(Saved data entries)
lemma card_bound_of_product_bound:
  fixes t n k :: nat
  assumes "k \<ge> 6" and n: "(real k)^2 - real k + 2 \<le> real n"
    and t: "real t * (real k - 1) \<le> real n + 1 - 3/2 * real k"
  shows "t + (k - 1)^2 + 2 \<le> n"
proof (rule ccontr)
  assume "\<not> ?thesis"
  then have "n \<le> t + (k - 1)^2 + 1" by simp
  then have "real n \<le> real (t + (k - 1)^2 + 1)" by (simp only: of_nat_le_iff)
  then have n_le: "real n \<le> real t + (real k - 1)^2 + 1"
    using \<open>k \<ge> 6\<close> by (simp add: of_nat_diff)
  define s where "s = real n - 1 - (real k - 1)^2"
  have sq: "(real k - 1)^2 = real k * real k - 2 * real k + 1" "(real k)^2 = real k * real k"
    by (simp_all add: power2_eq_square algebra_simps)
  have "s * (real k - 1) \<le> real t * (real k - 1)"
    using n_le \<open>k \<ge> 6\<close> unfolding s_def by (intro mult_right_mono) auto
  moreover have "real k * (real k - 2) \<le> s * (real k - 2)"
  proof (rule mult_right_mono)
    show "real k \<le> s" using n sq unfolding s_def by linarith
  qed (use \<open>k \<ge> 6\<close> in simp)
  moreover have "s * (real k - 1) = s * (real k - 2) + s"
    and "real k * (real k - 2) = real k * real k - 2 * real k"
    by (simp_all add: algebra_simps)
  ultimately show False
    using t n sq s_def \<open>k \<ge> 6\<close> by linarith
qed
==
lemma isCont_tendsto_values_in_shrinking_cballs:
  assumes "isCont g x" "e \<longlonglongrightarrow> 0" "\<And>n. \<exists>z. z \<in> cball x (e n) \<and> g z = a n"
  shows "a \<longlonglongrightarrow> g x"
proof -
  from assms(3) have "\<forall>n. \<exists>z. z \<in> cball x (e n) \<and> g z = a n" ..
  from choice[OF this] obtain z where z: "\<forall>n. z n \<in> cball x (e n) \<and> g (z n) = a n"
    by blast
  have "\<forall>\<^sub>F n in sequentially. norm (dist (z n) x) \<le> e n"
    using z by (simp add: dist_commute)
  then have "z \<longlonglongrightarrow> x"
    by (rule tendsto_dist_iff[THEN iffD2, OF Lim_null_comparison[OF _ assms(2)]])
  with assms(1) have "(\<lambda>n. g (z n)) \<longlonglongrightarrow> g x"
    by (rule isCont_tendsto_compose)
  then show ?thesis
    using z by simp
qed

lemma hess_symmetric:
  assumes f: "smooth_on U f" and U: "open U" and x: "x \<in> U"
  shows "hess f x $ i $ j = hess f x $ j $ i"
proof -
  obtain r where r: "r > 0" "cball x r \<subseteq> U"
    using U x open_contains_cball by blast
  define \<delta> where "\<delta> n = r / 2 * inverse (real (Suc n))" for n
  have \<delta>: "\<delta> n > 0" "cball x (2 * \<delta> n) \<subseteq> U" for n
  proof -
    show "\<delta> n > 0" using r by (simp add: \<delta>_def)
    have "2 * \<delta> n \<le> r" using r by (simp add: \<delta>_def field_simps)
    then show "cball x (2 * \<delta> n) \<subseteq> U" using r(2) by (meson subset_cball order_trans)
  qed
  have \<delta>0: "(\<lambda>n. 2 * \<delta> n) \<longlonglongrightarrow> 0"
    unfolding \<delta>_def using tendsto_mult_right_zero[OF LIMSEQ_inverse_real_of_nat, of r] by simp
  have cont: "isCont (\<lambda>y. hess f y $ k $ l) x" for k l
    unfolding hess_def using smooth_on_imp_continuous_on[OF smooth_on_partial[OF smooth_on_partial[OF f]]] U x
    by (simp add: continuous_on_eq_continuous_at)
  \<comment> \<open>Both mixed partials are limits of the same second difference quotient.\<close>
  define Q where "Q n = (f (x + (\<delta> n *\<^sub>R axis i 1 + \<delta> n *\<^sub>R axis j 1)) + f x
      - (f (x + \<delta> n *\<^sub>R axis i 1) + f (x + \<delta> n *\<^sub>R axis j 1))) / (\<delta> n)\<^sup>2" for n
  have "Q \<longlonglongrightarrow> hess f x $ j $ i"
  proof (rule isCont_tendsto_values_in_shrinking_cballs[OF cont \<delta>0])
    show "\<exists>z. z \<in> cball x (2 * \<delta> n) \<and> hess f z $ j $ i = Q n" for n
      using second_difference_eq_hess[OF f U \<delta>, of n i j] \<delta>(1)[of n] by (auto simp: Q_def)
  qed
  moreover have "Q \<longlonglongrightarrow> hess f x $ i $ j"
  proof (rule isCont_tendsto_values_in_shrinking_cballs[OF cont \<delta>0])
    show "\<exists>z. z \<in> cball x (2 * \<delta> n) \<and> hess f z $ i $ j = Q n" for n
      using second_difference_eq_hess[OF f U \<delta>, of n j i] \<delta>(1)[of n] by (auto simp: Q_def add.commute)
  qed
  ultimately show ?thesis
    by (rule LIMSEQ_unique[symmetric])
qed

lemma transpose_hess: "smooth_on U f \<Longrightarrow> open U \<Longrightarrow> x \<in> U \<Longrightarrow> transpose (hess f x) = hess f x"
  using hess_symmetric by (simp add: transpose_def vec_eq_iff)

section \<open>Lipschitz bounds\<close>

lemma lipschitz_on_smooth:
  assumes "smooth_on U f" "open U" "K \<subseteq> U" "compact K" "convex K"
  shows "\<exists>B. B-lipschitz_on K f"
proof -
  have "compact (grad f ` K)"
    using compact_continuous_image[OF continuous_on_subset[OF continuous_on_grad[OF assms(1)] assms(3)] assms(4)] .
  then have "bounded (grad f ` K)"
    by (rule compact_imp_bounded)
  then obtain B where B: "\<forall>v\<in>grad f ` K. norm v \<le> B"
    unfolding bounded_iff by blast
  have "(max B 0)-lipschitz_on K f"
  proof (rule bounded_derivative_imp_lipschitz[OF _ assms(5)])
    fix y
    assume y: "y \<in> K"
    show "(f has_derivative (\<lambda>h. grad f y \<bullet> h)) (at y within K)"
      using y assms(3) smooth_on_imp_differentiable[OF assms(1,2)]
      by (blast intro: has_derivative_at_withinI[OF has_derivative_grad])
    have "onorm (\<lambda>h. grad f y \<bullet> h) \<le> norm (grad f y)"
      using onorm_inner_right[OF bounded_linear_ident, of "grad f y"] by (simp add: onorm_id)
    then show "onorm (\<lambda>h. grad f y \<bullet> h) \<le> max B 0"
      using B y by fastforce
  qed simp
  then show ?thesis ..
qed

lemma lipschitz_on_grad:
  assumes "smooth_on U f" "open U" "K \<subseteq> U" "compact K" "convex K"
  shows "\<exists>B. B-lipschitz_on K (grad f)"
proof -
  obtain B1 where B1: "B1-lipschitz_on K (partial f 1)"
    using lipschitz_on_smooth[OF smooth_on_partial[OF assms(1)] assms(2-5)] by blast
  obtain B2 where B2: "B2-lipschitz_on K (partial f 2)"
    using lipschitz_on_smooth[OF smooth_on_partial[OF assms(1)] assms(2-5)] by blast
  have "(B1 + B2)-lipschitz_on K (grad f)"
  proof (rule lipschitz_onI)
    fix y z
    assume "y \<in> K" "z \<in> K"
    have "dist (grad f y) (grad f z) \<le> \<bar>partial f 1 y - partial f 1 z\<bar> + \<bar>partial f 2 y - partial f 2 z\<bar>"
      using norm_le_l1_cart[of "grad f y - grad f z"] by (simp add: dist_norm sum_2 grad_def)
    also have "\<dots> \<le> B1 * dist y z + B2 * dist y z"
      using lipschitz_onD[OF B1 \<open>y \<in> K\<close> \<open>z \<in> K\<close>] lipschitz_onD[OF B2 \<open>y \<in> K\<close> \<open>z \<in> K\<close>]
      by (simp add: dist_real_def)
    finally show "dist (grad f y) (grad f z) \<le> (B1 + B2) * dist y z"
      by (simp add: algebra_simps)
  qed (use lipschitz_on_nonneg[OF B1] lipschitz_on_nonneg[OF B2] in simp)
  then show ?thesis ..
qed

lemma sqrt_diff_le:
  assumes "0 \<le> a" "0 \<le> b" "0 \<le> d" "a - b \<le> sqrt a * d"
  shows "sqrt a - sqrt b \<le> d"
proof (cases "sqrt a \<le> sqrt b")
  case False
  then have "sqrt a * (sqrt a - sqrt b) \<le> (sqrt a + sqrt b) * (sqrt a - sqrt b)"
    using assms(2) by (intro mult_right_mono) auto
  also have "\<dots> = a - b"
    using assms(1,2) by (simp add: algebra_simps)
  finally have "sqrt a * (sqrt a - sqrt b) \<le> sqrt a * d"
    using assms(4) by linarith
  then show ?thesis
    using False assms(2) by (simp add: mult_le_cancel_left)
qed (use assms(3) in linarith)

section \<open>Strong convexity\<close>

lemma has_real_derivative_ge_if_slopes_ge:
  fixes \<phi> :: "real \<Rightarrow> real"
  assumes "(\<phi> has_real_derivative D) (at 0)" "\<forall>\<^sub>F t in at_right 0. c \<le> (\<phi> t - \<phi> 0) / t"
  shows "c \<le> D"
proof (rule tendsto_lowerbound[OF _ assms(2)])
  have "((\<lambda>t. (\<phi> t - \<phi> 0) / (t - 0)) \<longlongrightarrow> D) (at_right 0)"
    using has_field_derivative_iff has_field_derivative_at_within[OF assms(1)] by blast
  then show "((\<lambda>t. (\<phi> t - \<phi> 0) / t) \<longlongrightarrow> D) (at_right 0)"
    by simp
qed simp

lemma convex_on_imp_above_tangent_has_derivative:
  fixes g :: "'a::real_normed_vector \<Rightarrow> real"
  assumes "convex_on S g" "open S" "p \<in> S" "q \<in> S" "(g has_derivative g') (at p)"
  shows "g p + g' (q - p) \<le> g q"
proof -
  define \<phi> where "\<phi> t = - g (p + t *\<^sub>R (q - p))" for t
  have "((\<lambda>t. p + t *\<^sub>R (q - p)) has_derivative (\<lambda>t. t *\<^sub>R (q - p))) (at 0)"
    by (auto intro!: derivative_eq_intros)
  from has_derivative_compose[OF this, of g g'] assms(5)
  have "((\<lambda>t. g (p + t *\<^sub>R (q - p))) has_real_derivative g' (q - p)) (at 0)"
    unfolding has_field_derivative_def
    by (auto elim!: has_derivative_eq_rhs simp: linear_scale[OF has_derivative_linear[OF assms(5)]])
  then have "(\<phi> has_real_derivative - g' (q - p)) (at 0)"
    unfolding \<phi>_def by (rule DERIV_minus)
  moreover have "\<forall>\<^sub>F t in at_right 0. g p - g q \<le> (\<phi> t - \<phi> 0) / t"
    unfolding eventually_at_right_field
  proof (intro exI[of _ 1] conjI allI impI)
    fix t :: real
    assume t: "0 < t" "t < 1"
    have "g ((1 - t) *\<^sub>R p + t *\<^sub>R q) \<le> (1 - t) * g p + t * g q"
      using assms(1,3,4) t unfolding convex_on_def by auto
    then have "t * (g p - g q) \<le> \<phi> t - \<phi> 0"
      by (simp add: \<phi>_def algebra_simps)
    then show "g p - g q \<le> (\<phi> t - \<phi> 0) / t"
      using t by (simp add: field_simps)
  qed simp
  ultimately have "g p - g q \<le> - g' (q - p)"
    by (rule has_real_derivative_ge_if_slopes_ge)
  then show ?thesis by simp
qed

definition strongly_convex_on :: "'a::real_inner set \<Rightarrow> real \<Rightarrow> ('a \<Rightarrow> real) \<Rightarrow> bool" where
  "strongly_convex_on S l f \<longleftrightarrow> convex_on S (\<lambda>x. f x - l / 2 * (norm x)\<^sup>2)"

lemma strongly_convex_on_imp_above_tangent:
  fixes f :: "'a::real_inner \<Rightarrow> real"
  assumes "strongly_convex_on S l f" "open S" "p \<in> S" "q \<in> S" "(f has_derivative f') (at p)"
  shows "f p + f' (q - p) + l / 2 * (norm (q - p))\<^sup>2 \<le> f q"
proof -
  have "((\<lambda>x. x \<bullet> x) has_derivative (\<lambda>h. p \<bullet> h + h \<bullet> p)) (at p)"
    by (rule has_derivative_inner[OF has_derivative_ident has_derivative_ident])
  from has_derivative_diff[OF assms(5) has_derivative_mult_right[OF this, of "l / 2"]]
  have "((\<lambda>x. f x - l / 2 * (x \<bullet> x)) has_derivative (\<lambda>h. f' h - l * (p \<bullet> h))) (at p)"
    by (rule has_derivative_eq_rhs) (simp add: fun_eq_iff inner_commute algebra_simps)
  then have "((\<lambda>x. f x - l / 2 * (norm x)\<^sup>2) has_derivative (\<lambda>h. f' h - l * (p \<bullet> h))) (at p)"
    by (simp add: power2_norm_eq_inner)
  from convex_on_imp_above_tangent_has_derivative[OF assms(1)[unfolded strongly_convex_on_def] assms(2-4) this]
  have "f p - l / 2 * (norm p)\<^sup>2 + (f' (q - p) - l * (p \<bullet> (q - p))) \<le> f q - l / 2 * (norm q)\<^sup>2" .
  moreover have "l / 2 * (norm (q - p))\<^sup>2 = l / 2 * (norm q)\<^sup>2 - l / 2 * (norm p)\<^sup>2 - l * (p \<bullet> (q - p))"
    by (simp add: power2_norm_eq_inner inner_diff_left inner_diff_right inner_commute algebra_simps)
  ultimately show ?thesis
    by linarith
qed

__BRIEF__: Go line by line through the records and copy those that contain the word "fixes".

__SOLVED EXERCISE__:
  fixes t n k :: nat
  fixes \<phi> :: "real \<Rightarrow> real"
  fixes g :: "'a::real_normed_vector \<Rightarrow> real"
  fixes f :: "'a::real_inner \<Rightarrow> real"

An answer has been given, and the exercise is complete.